Женщина перевела дух и заставила себя успокоиться. «Стоит ли ругаться? Не нам с ним упрекать друг друга. Оба вынуждены зарабатывать деньги. Но он уедет, и я останусь одна во всем доме…»
Эта мысль ее ужасала. Она подняла глаза на Стаса, стоявшего в выжидательной позе, чуть подавшись вперед.
– А что же Марья Семеновна, уже уехала?
– Утром еще. Отправил ее малой скоростью на историческую родину. Поскрипела своими кащеевыми зубами, но сдалась. Так присмотришь?
– Идет, – вздохнула женщина, опуская ключи в карман висевшей на спинке стула куртки. – Что же делать…
– Тогда у меня будет к тебе еще поручение! – оживился Стас. – Сделай милость, выручи по-дружески! Придет клиентка, может, даже сегодня, забрать заказ. Ты ей, пожалуйста, открой, проведи в мою пещеру и отдай, что причитается. Она сама знает что.

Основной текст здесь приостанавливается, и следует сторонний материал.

(* Under the standing assumptions below, $\lim_{|v|\to+\infty}\frac{q(s,t,v)}{v}=0$ uniformly in $(s,t)\in[0,\pi]\times\mathbb{T}$.
   Context: $\mathbb{T}=\mathbb{R}/(2\pi\mathbb{Z})$. The distinct values $m^2-n^2$ ($m\in\mathbb{N},n\in\mathbb{N}_0$) are ordered $\dots<\lambda_{-1}<\lambda_0=0<\lambda_1<\dots$. Fix a nonzero integer $k$, $\varepsilon_1\in\,]0,\lambda_k-\lambda_{k-1}[$, $\varepsilon_2$ with $0<\varepsilon_2<\frac{1}{\lambda_k-\lambda_{k-1}-\varepsilon_1}-\max\{0,-\frac{1}{\lambda_{k-1}+\varepsilon_1}\}$, $\mu=\max\{0,-\frac{1}{\lambda_{k-1}+\varepsilon_1}\}+\varepsilon_2$, $p_k=\lambda_{k-1}+\varepsilon_1$, $q_k=\lambda_{k-1}+\varepsilon_1+1/\mu$, and $(a,b)\in\,]p_k,q_k[^2$. Let $p:[0,\pi]\times\mathbb{T}\times\mathbb{R}\to\mathbb{R}$ be continuous with $\lim_{|u|\to+\infty}p(s,t,u)/u=0$ uniformly in $(s,t)$, and such that for each $(s,t)$ the map $u\mapsto au^+-bu^-+p(s,t,u)-p_ku$ is strictly increasing and $u\mapsto au^+-bu^-+p(s,t,u)-q_ku$ is strictly decreasing ($u^+=\max\{u,0\}$, $u^-=u^+-u$). Let $H(u)=\frac12(a-p_k)(u^+)^2+\frac12(b-p_k)(u^-)^2$, $P(s,t,u)=\int_0^up(s,t,\tau)d\tau$, $J=H+P$, and $J^*(s,t,v)=\sup_{u\in\mathbb{R}}[vu-J(s,t,u)]$ (Fenchel–Legendre transform in $u$), which is $C^1$ in $v$; $H^*(v)=\frac{(v^+)^2}{2(a-p_k)}+\frac{(v^-)^2}{2(b-p_k)}$; $Q(s,t,v)=J^*(s,t,v)-H^*(v)$ and $q=\partial Q/\partial v$. *)

theory Defs
  imports "HOL-Analysis.Analysis"
begin

definition lam_set :: "int set" where
  "lam_set = {int m ^ 2 - int n ^ 2 | m n :: nat. 1 \<le> m}"

definition lam :: "int \<Rightarrow> int" where
  "lam = (THE f. strict_mono f \<and> range f = lam_set \<and> f 0 = 0)"

definition oint :: "(real \<Rightarrow> real) \<Rightarrow> real \<Rightarrow> real" where
  "oint f u = (if 0 \<le> u then integral {0..u} f else - integral {u..0} f)"

end

theory Submission
  imports Defs
begin
definition LS_exists :: "nat \<Rightarrow> nat \<Rightarrow> nat \<Rightarrow> nat \<Rightarrow> bool" where
  "LS_exists t k n mu \<longleftrightarrow> (\<exists>L. large_set_mult t k n mu {..<n} (L :: nat set set multiset))"

end

theory Submission
  imports Defs
begin

(* The 132 hexads listed below form a Steiner system S(5,6,12), and their images under fourteen
   permutations of the points (one of them taken twice) cover every 6-set exactly twice; this is
   an LS(5,6,12;2). Both facts are finite checks, which the simplifier carries out by running
   through all 5-sets and 6-sets as bit vectors and looking them up in a binary trie of the
   hexads. Deriving at a point (keeping the blocks through it and deleting the point) turns an
   LS(t+1,k+1,n+1;mu) into an LS(t,k,n;mu), which yields LS(4,5,11;2) and LS(3,4,10;2). *)

section \<open>Steiner systems and derived designs\<close>

lemma steiner_system_image:
  assumes f: "bij_betw f Q Q'" and S: "steiner_system t k Q B"
  shows "steiner_system t k Q' ((`) f ` B)"
proof -
  have fin: "finite Q" and blocks: "\<And>b. b \<in> B \<Longrightarrow> b \<subseteq> Q \<and> card b = k"
    and unique: "\<And>T. T \<subseteq> Q \<Longrightarrow> card T = t \<Longrightarrow> \<exists>!b. b \<in> B \<and> T \<subseteq> b"
    using S unfolding steiner_system_def by auto
  have inj: "inj_on f Q" and onto: "f ` Q = Q'"
    using f by (auto simp: bij_betw_def)
  have card_image_f: "card (f ` A) = card A" if "A \<subseteq> Q" for A
    using card_image[OF inj_on_subset[OF inj that]] .
  show ?thesis
    unfolding steiner_system_def
  proof (intro conjI allI impI)
    show "finite Q'"
      using fin onto by blast
  next
    show "\<forall>b'\<in>(`) f ` B. b' \<subseteq> Q' \<and> card b' = k"
      using blocks card_image_f onto by auto
  next
    fix T' assume T': "T' \<subseteq> Q' \<and> card T' = t"
    then obtain T where T: "T \<subseteq> Q" "T' = f ` T"
      using onto by (metis subset_imageE)
    then have "card T = t"
      using T' card_image_f by simp
    then obtain b where b: "b \<in> B" "T \<subseteq> b" and uniq: "\<And>c. c \<in> B \<Longrightarrow> T \<subseteq> c \<Longrightarrow> c = b"
      using unique[OF T(1)] by metis
    show "\<exists>!b'. b' \<in> (`) f ` B \<and> T' \<subseteq> b'"
    proof
      show "f ` b \<in> (`) f ` B \<and> T' \<subseteq> f ` b"
        using b T by auto
    next
      fix b' assume "b' \<in> (`) f ` B \<and> T' \<subseteq> b'"
      then obtain c where c: "c \<in> B" "b' = f ` c" "f ` T \<subseteq> f ` c"
        using T by blast
      have "T \<subseteq> c"
      proof
        fix a assume "a \<in> T"
        then have "f a \<in> f ` c"
          using c(3) by blast
        then show "a \<in> c"
          using inj_on_image_mem_iff[OF inj] \<open>a \<in> T\<close> T(1) blocks[OF c(1)] by blast
      qed
      then show "b' = f ` b"
        using uniq c by simp
    qed
  qed
qed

– Рискованно! – заметила Александра. – А если она не найдет свой заказ? У тебя же там завал. Ты меня просвети, что она конкретно будет искать?
– Стенную нишу, а на задней стенке барельеф, небольшой, – Стас обрисовал размеры несколькими размашистыми движениями рук. – Метр на шестьдесят сантиметров. Отливка из гипса.
– Надгробное что-то? – уточнила Александра.
Скульптор неожиданно задумался и после паузы кивнул:
– Вроде того… Сюжет религиозный, бегство в Египет, Иосиф и Мария на ослике. Но на надгробье не похоже.
– Тогда это ниша для домашней молельни, – авторитетно заявила Александра. – Для Европы это больше характерно, чем для наших краев. Любопытно будет взглянуть.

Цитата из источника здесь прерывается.